lemma visc_sub_excludes_strict_supersolution:
  assumes "visc_sub H u" "periodic1 u" "C1 \<phi>" "periodic1 \<phi>" "\<And>x. H x (deriv \<phi> x) > 0"
  shows False
proof -
  have c: "continuous_on UNIV (\<lambda>x. u x - \<phi> x)"
    using assms(1,3) C1_continuous_on unfolding visc_sub_def by (intro continuous_on_diff) auto
  have p: "periodic1 (\<lambda>x. u x - \<phi> x)" using assms(2,4) by (simp add: periodic1_def)
  obtain x where x: "\<And>y. u y - \<phi> y \<le> u x - \<phi> x" using periodic1_attains_max[OF c p] by blast
  have "H x (deriv \<phi> x) \<le> 0"
    using assms(1,3) x unfolding visc_sub_def by (meson zero_less_one)
  then show False using assms(5)[of x] by simp
qed

lemma periodic_C1_primitive:
  fixes g :: "real \<Rightarrow> real"
  assumes cg: "continuous_on UNIV g" and pg: "periodic1 g"
  obtains \<phi> where "C1 \<phi>" "periodic1 \<phi>" "\<And>x. deriv \<phi> x = g x - tint g"
proof -
  define \<phi> where "\<phi> x = (LBINT t=ereal 0..ereal x. g t - tint g)" for x
  have cg': "continuous_on UNIV (\<lambda>t. g t - tint g)" using cg by (intro continuous_intros)
  have d: "(\<phi> has_real_derivative g x - tint g) (at x)" for x
    unfolding \<phi>_def by (rule interval_integral_has_real_derivative[OF cg'])
  have dd: "deriv \<phi> x = g x - tint g" for x using d by (rule DERIV_imp_deriv)
  have pg': "periodic1 (\<lambda>t. g t - tint g)" using pg by (simp add: periodic1_def)
  have "\<phi> (x + 1) - \<phi> x = tint (\<lambda>t. g t - tint g)" for x
    using interval_integral_FTC_UNIV[OF cg' d, of x "x+1"] periodic1_interval_integral[OF cg' pg', of x]
    by simp
  also have "tint (\<lambda>t. g t - tint g) = 0" using tint_diff[OF cg, of "\<lambda>t. tint g"] by simp
  finally have "periodic1 \<phi>" by (simp add: periodic1_def)
  moreover have "C1 \<phi>" unfolding C1_def using d dd cg' by simp
  ultimately show thesis using that dd by blast
qed

section \<open>The effective Hamiltonian of a periodic potential\<close>

(* For |Q| \<le> p the upper envelope of the tents is a zigzag with slopes \<plusminus>1 which rises by Q
   over every period p; composed with the action it gives the periodic viscosity solution on
   the flat part of the effective Hamiltonian. *)
definition tent :: "real \<Rightarrow> real \<Rightarrow> int \<Rightarrow> real \<Rightarrow> real" where
  "tent p Q k a = real_of_int k * Q + min (a - real_of_int k * p) ((real_of_int k + 1) * p + Q - a)"

definition sawtooth :: "real \<Rightarrow> real \<Rightarrow> real \<Rightarrow> real" where
  "sawtooth p Q a = tent p Q \<lfloor>a / p\<rfloor> a"

lemma tent_le_own_cell:
  assumes p: "p > 0" and Q: "\<bar>Q\<bar> \<le> p"
    and a: "real_of_int k * p \<le> a" "a \<le> (real_of_int k + 1) * p"
  shows "tent p Q j a \<le> tent p Q k a"
proof (cases "j > k")
  case True
  define jr where "jr = real_of_int j"
  define kr where "kr = real_of_int k"
  have jk: "jr \<ge> kr + 1" using True unfolding jr_def kr_def by linarith
  have m: "(jr - (kr + 1)) * (Q - p) \<le> 0" using jk Q by (intro mult_nonneg_nonpos) auto
  have "tent p Q j a \<le> jr * Q + (a - jr * p)" unfolding tent_def jr_def by simp
  also have "\<dots> \<le> a + (kr + 1) * (Q - p)" using m by (simp add: algebra_simps)
  also have "\<dots> \<le> tent p Q k a" unfolding tent_def kr_def[symmetric]
    using a Q unfolding kr_def[symmetric] by (simp add: algebra_simps)
  finally show ?thesis .
next
  case False
  show ?thesis
  proof (cases "j = k")
    case False
    define jr where "jr = real_of_int j"
    define kr where "kr = real_of_int k"
    have jk: "jr + 1 \<le> kr" using False \<open>\<not> j > k\<close> unfolding jr_def kr_def by linarith
    have m: "(kr - (jr + 1)) * (Q + p) \<ge> 0" using jk Q by (intro mult_nonneg_nonneg) auto
    have "tent p Q j a \<le> jr * Q + ((jr + 1) * p + Q - a)" unfolding tent_def jr_def by simp
    also have "\<dots> \<le> kr * (Q + p) - a" using m by (simp add: algebra_simps)
    also have "\<dots> \<le> tent p Q k a" unfolding tent_def kr_def[symmetric]
      using a Q unfolding kr_def[symmetric] by (simp add: algebra_simps)
    finally show ?thesis .
  qed simp
qed

lemma tent_le_sawtooth:
  assumes p: "p > 0" and Q: "\<bar>Q\<bar> \<le> p"
  shows "tent p Q j a \<le> sawtooth p Q a"
  unfolding sawtooth_def
  using tent_le_own_cell[OF p Q floor_divide_lower[OF p] less_imp_le[OF floor_divide_upper[OF p]]]
  by (simp add: algebra_simps)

__Task requirements__:
Return, please, the lines of the data from the first through the line containing "(* For |Q| \<le>", both kept, exactly as they stand and nothing more.

__Result below__:
lemma visc_sub_excludes_strict_supersolution:
  assumes "visc_sub H u" "periodic1 u" "C1 \<phi>" "periodic1 \<phi>" "\<And>x. H x (deriv \<phi> x) > 0"
  shows False
proof -
  have c: "continuous_on UNIV (\<lambda>x. u x - \<phi> x)"
    using assms(1,3) C1_continuous_on unfolding visc_sub_def by (intro continuous_on_diff) auto
  have p: "periodic1 (\<lambda>x. u x - \<phi> x)" using assms(2,4) by (simp add: periodic1_def)
  obtain x where x: "\<And>y. u y - \<phi> y \<le> u x - \<phi> x" using periodic1_attains_max[OF c p] by blast
  have "H x (deriv \<phi> x) \<le> 0"
    using assms(1,3) x unfolding visc_sub_def by (meson zero_less_one)
  then show False using assms(5)[of x] by simp
qed

lemma periodic_C1_primitive:
  fixes g :: "real \<Rightarrow> real"
  assumes cg: "continuous_on UNIV g" and pg: "periodic1 g"
  obtains \<phi> where "C1 \<phi>" "periodic1 \<phi>" "\<And>x. deriv \<phi> x = g x - tint g"
proof -
  define \<phi> where "\<phi> x = (LBINT t=ereal 0..ereal x. g t - tint g)" for x
  have cg': "continuous_on UNIV (\<lambda>t. g t - tint g)" using cg by (intro continuous_intros)
  have d: "(\<phi> has_real_derivative g x - tint g) (at x)" for x
    unfolding \<phi>_def by (rule interval_integral_has_real_derivative[OF cg'])
  have dd: "deriv \<phi> x = g x - tint g" for x using d by (rule DERIV_imp_deriv)
  have pg': "periodic1 (\<lambda>t. g t - tint g)" using pg by (simp add: periodic1_def)
  have "\<phi> (x + 1) - \<phi> x = tint (\<lambda>t. g t - tint g)" for x
    using interval_integral_FTC_UNIV[OF cg' d, of x "x+1"] periodic1_interval_integral[OF cg' pg', of x]
    by simp
  also have "tint (\<lambda>t. g t - tint g) = 0" using tint_diff[OF cg, of "\<lambda>t. tint g"] by simp
  finally have "periodic1 \<phi>" by (simp add: periodic1_def)
  moreover have "C1 \<phi>" unfolding C1_def using d dd cg' by simp
  ultimately show thesis using that dd by blast
qed

section \<open>The effective Hamiltonian of a periodic potential\<close>

(* For |Q| \<le> p the upper envelope of the tents is a zigzag with slopes \<plusminus>1 which rises by Q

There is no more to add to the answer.